Lori Smith, right, about 3 months old, with brother, Tom, and father, Joseph, 48, in 1960 in Bloomingdale, New Jersey. Credit: Rosemary Smith

Daddy died.

That’s what my mom said. He died. After one night of crazy coughing, that was it. Done. Sitting on my bed with my mom, in my cute little bedroom, stuffed animals everywhere, I saw myself floating into a realm of unreality, a hazy world of disbelief that a little brain was too small to comprehend. It couldn’t. So it didn’t.

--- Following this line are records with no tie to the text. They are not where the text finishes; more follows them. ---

private lemma postcomp_wf:
  shows "\<And>f v. f \<in> FIhat j m \<Longrightarrow> v \<in> carrier (V j) \<Longrightarrow> frag_of (ficomp j m l f g, v) \<in> carrier (TFi j l)"
    and "\<And>f k v. f \<in> FIhat j m \<Longrightarrow> k \<in> hatS j \<Longrightarrow> v \<in> carrier (V j) \<Longrightarrow>
      frag_of (ficomp j m l (firact j m f k) g, v) - frag_of (ficomp j m l f g, A j k v) \<in> TRi j l"
    and "\<And>f v v'. f \<in> FIhat j m \<Longrightarrow> v \<in> carrier (V j) \<Longrightarrow> v' \<in> carrier (V j) \<Longrightarrow>
      frag_of (ficomp j m l f g, v \<otimes>\<^bsub>V j\<^esub> v') - frag_of (ficomp j m l f g, v)
        - frag_of (ficomp j m l f g, v') \<in> TRi j l"
proof -
  fix f v assume "f \<in> FIhat j m" "v \<in> carrier (V j)"
  then show "frag_of (ficomp j m l f g, v) \<in> carrier (TFi j l)" using ficomp_FIhat g by simp
next
  fix f k v assume fkv: "f \<in> FIhat j m" "k \<in> hatS j" "v \<in> carrier (V j)"
  then have "frag_of (firact j l (ficomp j m l f g) k, v) - frag_of (ficomp j m l f g, A j k v)
      \<in> frel (FIhat j l) (firact j l) (hatS j) (V j) (A j)"
    unfolding frel_def using ficomp_FIhat[OF fkv(1) g] by blast
  then show "frag_of (ficomp j m l (firact j m f k) g, v) - frag_of (ficomp j m l f g, A j k v) \<in> TRi j l"
    using firact_ficomp[OF fkv(1) g fkv(2)] by (simp add: frel_in_trel)
next
  fix f v v' assume "f \<in> FIhat j m" "v \<in> carrier (V j)" "v' \<in> carrier (V j)"
  then have "frag_of (ficomp j m l f g, v \<otimes>\<^bsub>V j\<^esub> v') - frag_of (ficomp j m l f g, v)
      - frag_of (ficomp j m l f g, v') \<in> frel (FIhat j l) (firact j l) (hatS j) (V j) (A j)"
    unfolding frel_def using ficomp_FIhat g by blast
  then show "frag_of (ficomp j m l f g, v \<otimes>\<^bsub>V j\<^esub> v') - frag_of (ficomp j m l f g, v)
      - frag_of (ficomp j m l f g, v') \<in> TRi j l" by (rule frel_in_trel)
qed

lemma postcomp_hom: "postcomp j m l g \<in> hom (Ic j m) (Ic j l)"
  unfolding postcomp_def Icomp_eq by (rule tens_map_hom[OF Ic_wf Ic_wf]) (use postcomp_wf in auto)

What did happen: At some point after a death, you have to go right back to school and face the music, which for me was the unimaginable stares of classmates and the pitying eyes of teachers. It’s so bad you must stop it by presenting a brand-new version of you. One that is oddly happy all the time.

But that thing is always there. The reminders, the pit in your stomach, the hole in your heart. You don’t get over tragedy, you live with it. But it’s nice to not be reminded. Especially in middle school. Here’s a little story:

I’m in eighth grade, two years after the death. My teacher tells the class to move our desks into a big circle! Everyone is excited. Then he says, “OK, we’re going to go around the room and tell everyone what their fathers do for a living.” By today’s standards, that would be abominable. I went into silent convulsions, staring down at my black and white speckled notebook in horror, trying to dissolve into the pages with no clue what to do. Readers might come up with solutions, but when you’re 13, there is no way out. I kept my head down, staring at the black and white speckles.

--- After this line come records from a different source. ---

definition win_prob :: "nat \<Rightarrow> real \<Rightarrow> real \<Rightarrow> (nat \<Rightarrow> signal \<Rightarrow> real) \<Rightarrow> real" where
  "win_prob n q lam \<sigma> =
     (\<Sum>W\<in>winner_sets n q. \<Sum>V\<in>Pow {..<n}.
        if pstar_wins n V then prob_votes lam \<sigma> W {..<n} V else 0)
     / real (card (winner_sets n q))"

text \<open>Payoff of voter i (winner set W) when p* wins (b = True) or p_* wins (b = False);
  a winner gains vw from p*, a loser gains vl from p_*.\<close>
definition util :: "real \<Rightarrow> real \<Rightarrow> nat \<Rightarrow> nat set \<Rightarrow> bool \<Rightarrow> real" where
  "util vw vl i W b = (if i \<in> W then (if b then vw else 0) else (if b then 0 else vl))"

text \<open>Winner sets consistent with voter i's signal (posterior is uniform on this set).\<close>
definition cond_sets :: "nat \<Rightarrow> real \<Rightarrow> nat \<Rightarrow> signal \<Rightarrow> nat set set" where
  "cond_sets n q i s = (case s of
      WinSig \<Rightarrow> {W \<in> winner_sets n q. i \<in> W}
    | LoseSig \<Rightarrow> {W \<in> winner_sets n q. i \<notin> W}
    | NoSig \<Rightarrow> winner_sets n q)"

text \<open>Interim expected payoff of voter i with signal s who votes p* with probability x,
  the others playing sigma.\<close>
definition interim_payoff ::
  "nat \<Rightarrow> real \<Rightarrow> real \<Rightarrow> real \<Rightarrow> real \<Rightarrow> (nat \<Rightarrow> signal \<Rightarrow> real) \<Rightarrow> nat \<Rightarrow> signal \<Rightarrow> real \<Rightarrow> real" where
  "interim_payoff n q lam vw vl \<sigma> i s x =
     (\<Sum>W\<in>cond_sets n q i s. \<Sum>V\<in>Pow ({..<n} - {i}).
        prob_votes lam \<sigma> W ({..<n} - {i}) V *
          (x * util vw vl i W (pstar_wins n (insert i V))
           + (1 - x) * util vw vl i W (pstar_wins n V)))
     / real (card (cond_sets n q i s))"

definition valid_profile :: "nat \<Rightarrow> (nat \<Rightarrow> signal \<Rightarrow> real) \<Rightarrow> bool" where
  "valid_profile n \<sigma> \<longleftrightarrow> (\<forall>i<n. \<forall>s. 0 \<le> \<sigma> i s \<and> \<sigma> i s \<le> 1)"

text \<open>Weakly undominated: informed winners vote p*, informed losers vote p_*.\<close>
definition undominated :: "nat \<Rightarrow> (nat \<Rightarrow> signal \<Rightarrow> real) \<Rightarrow> bool" where
  "undominated n \<sigma> \<longleftrightarrow> (\<forall>i<n. \<sigma> i WinSig = 1 \<and> \<sigma> i LoseSig = 0)"

text \<open>Bayes-Nash equilibrium in weakly undominated strategies (best response at every
  signal that occurs with positive probability; for lam in (0,1) these are exactly the
  signals with nonempty cond_sets).\<close>
definition is_equilibrium ::
  "nat \<Rightarrow> real \<Rightarrow> real \<Rightarrow> real \<Rightarrow> real \<Rightarrow> (nat \<Rightarrow> signal \<Rightarrow> real) \<Rightarrow> bool" where
  "is_equilibrium n q lam vw vl \<sigma> \<longleftrightarrow>
     valid_profile n \<sigma> \<and> undominated n \<sigma> \<and>
     (\<forall>i<n. \<forall>s. cond_sets n q i s \<noteq> {} \<longrightarrow>
        (\<forall>x\<in>{0..1}. interim_payoff n q lam vw vl \<sigma> i s x
                     \<le> interim_payoff n q lam vw vl \<sigma> i s (\<sigma> i s)))"

definition is_strict_equilibrium ::
  "nat \<Rightarrow> real \<Rightarrow> real \<Rightarrow> real \<Rightarrow> real \<Rightarrow> (nat \<Rightarrow> signal \<Rightarrow> real) \<Rightarrow> bool" where
  "is_strict_equilibrium n q lam vw vl \<sigma> \<longleftrightarrow>
     valid_profile n \<sigma> \<and> undominated n \<sigma> \<and>
     (\<forall>i<n. \<forall>s. cond_sets n q i s \<noteq> {} \<longrightarrow>
        (\<forall>x\<in>{0..1}. x \<noteq> \<sigma> i s \<longrightarrow> interim_payoff n q lam vw vl \<sigma> i s x
                     < interim_payoff n q lam vw vl \<sigma> i s (\<sigma> i s)))"

end

theory Submission
  imports Defs
begin

text \<open>
  The interim payoff of a voter is affine in her own probability of voting for p*, with slope
  proportional to her expected gain at a pivotal event, where the other n - 1 votes split m : m
  (n = 2m + 1). With K = num_winners n q, everything hinges on comparing vw (K - m) with
  vl (n - K), that is, to first order, vw (q - 1/2) with vl (1 - q).

  If vl/vw > \<rho>, let informed winners vote p* and everybody else p_*. The others split m : m
  exactly when m of the other winners are informed, and then the gain of an uninformed voter has
  the sign of vw (K - m) - vl (1 - \<lambda>) (n - K), which is negative for small \<lambda> and large n.
  So this profile is a strict equilibrium, and p* wins only if more than m voters are informed,
  which has probability at most (4\<lambda>)^m.

  If vl/vw \<le> \<rho>, then vl (n - K) < vw (K - m) for every odd n. Conditioning on the set of
  informed voters, the winner sets compatible with a pivotal vote profile contribute
  vw C(M, k) - vl C(M, k + 1) \<ge> 0 to an uninformed voter's gain, so this gain is nonnegative,
  and positive once some pivotal profile compatible with her being a winner has positive
  probability. If p* lost with positive probability, some uninformed winner would vote p_*;
  letting the other voters switch one at a time to voting their type produces such a pivotal
  profile, so she would strictly prefer to vote p*.
\<close>

lemma Suc_times_binomial_Suc: "Suc k * (n choose Suc k) = (n - k) * (n choose k)"
  by (metis binomial_absorption binomial_absorb_comp)

lemma binomial_diff_sign:
  fixes a b :: real
  assumes "b * real (n - k) < a * real (Suc k)"
  shows "0 \<le> a * (n choose k) - b * (n choose Suc k)"
    and "k \<le> n \<Longrightarrow> 0 < a * (n choose k) - b * (n choose Suc k)"
proof -
  define s d where "s = real (Suc k)" and "d = real (n - k)"
  have s_pos: "0 < s"
    unfolding s_def by simp
  have absorb: "s * (n choose Suc k) = d * (n choose k)"
    unfolding s_def d_def by (metis of_nat_mult Suc_times_binomial_Suc)
  have "s * (a * (n choose k) - b * (n choose Suc k))
      = a * s * (n choose k) - b * (s * (n choose Suc k))"
    by (simp add: algebra_simps)
  also have "\<dots> = real (n choose k) * (a * s - b * d)"
    unfolding absorb by (simp add: algebra_simps)
  finally have eq: "a * (n choose k) - b * (n choose Suc k) = real (n choose k) * (a * s - b * d) / s"
    using s_pos by (simp add: field_simps)
  have "0 < a * s - b * d"
    using assms unfolding s_def d_def by simp
  show "0 \<le> a * (n choose k) - b * (n choose Suc k)"
    unfolding eq using \<open>0 < a * s - b * d\<close> s_pos by simp
  show "0 < a * (n choose k) - b * (n choose Suc k)" if "k \<le> n"
    unfolding eq using \<open>0 < a * s - b * d\<close> s_pos that by simp
qed

lemma binomial_product_absorb:
  assumes "m < K" "K \<le> n"
  shows "(K - m) * ((n - 1) choose K) * (K choose m)
    = (n - K) * ((n - 1) choose (K - 1)) * ((K - 1) choose m)"
proof -
  have "K * ((n - 1) choose K) = (n - K) * ((n - 1) choose (K - 1))"
    using Suc_times_binomial_Suc[of "K - 1" "n - 1"] assms by (simp add: Suc_diff_le)
  moreover have "(K - m) * (K choose m) = K * ((K - 1) choose m)"
    by (rule binomial_absorb_comp)
  ultimately have "K * ((K - m) * ((n - 1) choose K) * (K choose m))
      = K * ((n - K) * ((n - 1) choose (K - 1)) * ((K - 1) choose m))"
    by (metis mult.assoc mult.left_commute)
  then show ?thesis
    using assms by simp
qed

lemma prod_if_mem_eq:
  fixes f g :: "'a \<Rightarrow> 'b::comm_monoid_mult"
  assumes "finite A" "V \<subseteq> A"
  shows "(\<Prod>j\<in>A. if j \<in> V then f j else g j) = prod f V * prod g (A - V)"
proof -
  have "A \<inter> {j. j \<in> V} = V" "A \<inter> - {j. j \<in> V} = A - V"
    using assms(2) by auto
  then show ?thesis
    using prod.If_cases[OF assms(1), of "\<lambda>j. j \<in> V" f g] by simp
qed

lemma sum_Pow_prod_Bernoulli:
  fixes p :: "'a \<Rightarrow> 'b::comm_ring_1"
  assumes "finite A"
  shows "(\<Sum>V\<in>Pow A. \<Prod>j\<in>A. if j \<in> V then p j else 1 - p j) = 1"
proof -
  have "(1::'b) = (\<Prod>j\<in>A. p j + (1 - p j))"
    by simp
  also have "\<dots> = (\<Sum>V\<in>Pow A. prod p V * (\<Prod>j\<in>A - V. 1 - p j))"
    using assms by (rule prod_add)
  also have "\<dots> = (\<Sum>V\<in>Pow A. \<Prod>j\<in>A. if j \<in> V then p j else 1 - p j)"
    using assms by (intro sum.cong refl) (simp add: prod_if_mem_eq)
  finally show ?thesis
    by simp
qed

lemma prod_times_indicator:
  fixes c :: "'b::comm_semiring_1"
  assumes "finite I"
  shows "(\<Prod>j\<in>I. c * (if P j then 1 else 0)) = (if \<forall>j\<in>I. P j then c ^ card I else 0)"
  using assms by (induction I rule: finite_induct) auto

lemma card_subsets_with_trace:
  assumes "finite U" "F \<subseteq> U" "A \<subseteq> F" "card A \<le> k"
  shows "card {W. W \<subseteq> U \<and> card W = k \<and> W \<inter> F = A} = card (U - F) choose (k - card A)"
proof -
  let ?L = "{W. W \<subseteq> U \<and> card W = k \<and> W \<inter> F = A}"
  let ?R = "{X. X \<subseteq> U - F \<and> card X = k - card A}"
  have fin: "finite A" "\<And>X. X \<subseteq> U \<Longrightarrow> finite X"
    using assms by (auto intro: finite_subset)
  have card_Un: "card (A \<union> X) = card A + card X" if "X \<subseteq> U - F" for X
    using that assms(3) fin by (intro card_Un_disjoint) auto
  have split: "A \<union> (W - F) = W" if "W \<inter> F = A" for W
    using that by blast
  have "bij_betw (\<lambda>W. W - F) ?L ?R"
  proof (rule bij_betw_byWitness[where f' = "\<lambda>X. A \<union> X"])
    show "\<forall>W\<in>?L. A \<union> (W - F) = W"
      using split by blast
    show "\<forall>X\<in>?R. A \<union> X - F = X"
      using assms(3) by blast
    show "(\<lambda>W. W - F) ` ?L \<subseteq> ?R"
    proof
      fix X assume "X \<in> (\<lambda>W. W - F) ` ?L"
      then obtain W where W: "W \<subseteq> U" "card W = k" "W \<inter> F = A" "X = W - F"
        by blast
      then have "card W = card A + card X"
        using card_Un[of X] split[OF W(3)] by auto
      then show "X \<in> ?R"
        using W by auto
    qed
    show "(\<lambda>X. A \<union> X) ` ?R \<subseteq> ?L"
      using card_Un assms(2-4) by auto
  qed
  then have "card ?L = card ?R"
    by (rule bij_betw_same_card)
  also have "\<dots> = card (U - F) choose (k - card A)"
    using assms(1) by (intro n_subsets) simp
  finally show ?thesis .
qed

lemma discrete_IVT_subsets:
  fixes f :: "'a set \<Rightarrow> nat"
  assumes "finite X" "\<And>Y x. Y \<subseteq> X \<Longrightarrow> x \<in> X \<Longrightarrow> f (insert x Y) \<le> f Y + 1"
    and "f {} \<le> t" "t \<le> f X"
  shows "\<exists>Y\<subseteq>X. f Y = t"
  using assms
proof (induction X rule: finite_induct)
  case empty
  then show ?case
    by auto
next
  case (insert x F)
  show ?case
  proof (cases "t \<le> f F")
    case True
    have "f (insert y Y) \<le> f Y + 1" if "Y \<subseteq> F" "y \<in> F" for Y y
      using insert.prems(1) that by blast
    then obtain Y where "Y \<subseteq> F" "f Y = t"
      using insert.IH insert.prems(2) True by blast
    then show ?thesis
      by blast
  next
    case False
    have "f (insert x F) \<le> f F + 1"
      using insert.prems(1)[of F x] by blast
    then have "f (insert x F) = t"
      using False insert.prems(3) by linarith
    then show ?thesis
      by blast
  qed
qed

section \<open>Winner sets\<close>

lemma num_winners_le:
  assumes "0 \<le> q" "q < 1"
  shows "num_winners n q \<le> n"
proof -
  have "q * real n \<le> real n"
    using assms mult_right_mono[of q 1 "real n"] by simp
  then show ?thesis
    unfolding num_winners_def by (simp add: ceiling_le_iff nat_le_iff)
qed

lemma majority_lt_num_winners:
  assumes "1/2 \<le> q" "odd n"
  shows "(n - 1) div 2 < num_winners n q"
proof -
  have "real ((n - 1) div 2) < real n / 2"
    using assms(2) by (auto elim: oddE)
  also have "\<dots> \<le> q * real n"
    using assms(1) mult_right_mono[of "1/2" q "real n"] by simp
  also have "\<dots> \<le> of_int \<lceil>q * real n\<rceil>"
    by (rule le_of_int_ceiling)
  finally show ?thesis
    unfolding num_winners_def by linarith
qed

lemma winner_sets_subset: "W \<in> winner_sets n q \<Longrightarrow> W \<subseteq> {..<n}"
  unfolding winner_sets_def by auto

lemma card_winner_set: "W \<in> winner_sets n q \<Longrightarrow> card W = num_winners n q"
  unfolding winner_sets_def by auto

lemma finite_winner_sets: "finite (winner_sets n q)"
  by (rule finite_subset[of _ "Pow {..<n}"]) (auto simp: winner_sets_def)

lemma card_winner_sets_pos:
  assumes "num_winners n q \<le> n"
  shows "0 < card (winner_sets n q)"
  using assms n_subsets[of "{..<n}" "num_winners n q"] unfolding winner_sets_def by simp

The class chattered happily. Jimmy described his truck-driving dad’s truck and giant tires. Judy talked about her dad’s dry-cleaning store and how she hated working there because it smelled. No one said, "Well, my dad is dead." The turns came closer. I felt the sweat down my back. 

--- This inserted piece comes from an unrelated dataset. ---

(* Let $q>0$ and let $\{|n_q\rangle\}_{n\ge0}$ be the orthonormal basis of $ML^2(\mathbb{C}\setminus\mathbb{R}_-;q)$ given by \[ |n_q\rangle(z)=\frac{z^{qn}}{\sqrt{\Gamma(qn+1)}}. \] Then: <ol> <li>Each $|n_q\rangle$ lies in the domain of $a^\dagger a$.</li> <li>We have \[ a^\dagger a|n_q\rangle=\begin{cases}\dfrac{\Gamma(qn+1)}{\Gamma(q(n-1)+1)}\,|n_q\rangle, & n\ge1,\\[2mm] 0, & n=0.\end{cases} \]</li> <li>The operator $a^\dagger a$, defined on the linear span of $\{|n_q\rangle\}$ by these relations, extends to a positive self-adjoint operator, again denoted $a^\dagger a$, on its maximal domain.</li> <li>If $f(z)=\sum_{n=0}^\infty a_n z^{qn}$ belongs to $ML^2(\mathbb{C}\setminus\mathbb{R}_-;q)$ and to the domain of $a^\dagger a$, then \[ (a^\dagger a f)(z)=\sum_{n=1}^\infty a_n\frac{\Gamma(qn+1)}{\Gamma(q(n-1)+1)}\,z^{qn}. \]</li> </ol>
   Context: Fix $q>0$. The Mittag-Leffler space of the slitted plane is \[ ML^2(\mathbb{C}\setminus\mathbb{R}_-;q)=\Big\{f:\mathbb{C}\setminus\mathbb{R}_-\to\mathbb{C},\ f(z)=\sum_{n\ge0}a_nz^{qn}\ :\ \sum_{n\ge0}|a_n|^2\Gamma(qn+1)<\infty\Big\}, \] with the principal branch of $z^{qn}$ on $\mathbb{C}\setminus(-\infty,0]$. Its scalar product is \[ \langle f,g\rangle=\sum_{n\ge0}\overline{a_n}\,b_n\,\Gamma(qn+1) \] for $f=\sum a_nz^{qn}$ and $g=\sum b_nz^{qn}$. For $f=\sum a_n z^{qn}$, the Caputo fractional derivative of order $q$ is \[ D^q_*f(z)=\sum_{n\ge1}a_n\frac{\Gamma(qn+1)}{\Gamma(q(n-1)+1)}z^{q(n-1)}, \] defined whenever $\sum_{n\ge1}|a_n|^2\,\big|\Gamma(qn+1)/\Gamma(q(n-1)+1)\big|^2<\infty$. The creation and annihilation operators are defined as follows: <ul> <li>$a^\dagger f=z^q f$ on $\operatorname{Dom}(a^\dagger)=\{f\in ML^2(\mathbb{C}\setminus\mathbb{R}_-;q): z^qf\in ML^2(\mathbb{C}\setminus\mathbb{R}_-;q)\}$;</li> <li>$af=D^q_*f$ on $\operatorname{Dom}(a)=\{f\in ML^2(\mathbb{C}\setminus\mathbb{R}_-;q): D^q_*f\in ML^2(\mathbb{C}\setminus\mathbb{R}_-;q)\}$.</li> </ul> These are closed, densely defined and mutually adjoint. The operator $a^\dagger a$ is defined on $\{f\in\operatorname{Dom}(a): af\in\operatorname{Dom}(a^\dagger)\}$. *)

theory Defs
  imports "HOL-Analysis.Analysis"
begin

And then, a miracle: The bell went off. I was saved!  But the teacher said, “OK, everyone, we’ll pick this up tomorrow.” That night I paced, I cried, I did not sleep. No one can comprehend what a kid’s brain does without the capacity to ask for help.

The next day, the circle of desks was still there. But either the teacher forgot, or someone intervened. He just said, “Open your books to page ... ”

For those of you who don’t know what happens to a kid like me - or many kids whose fathers are not part of their lives - I’d like to tell you. There are a million moments for which nothing prepares you. The father-daughter dances, the Father’s Day art class projects, the father-daughter dance at weddings (for which I continue to leave the room), the dads who help their daughters unpack at their college dorms. And every year in June, the cards, the social posts, the never-ending signs of love that still bring me to my knees.

Every year, this is what it’s like for me and many of us who still grieve, not only for our parents, but for the parents we never really had. If you know someone like me, give them a hug and say, “I know this day must be hard for you.” Because that’s all anyone can do.

This reader essay reflects the views of Lori Smith, who lives in Babylon.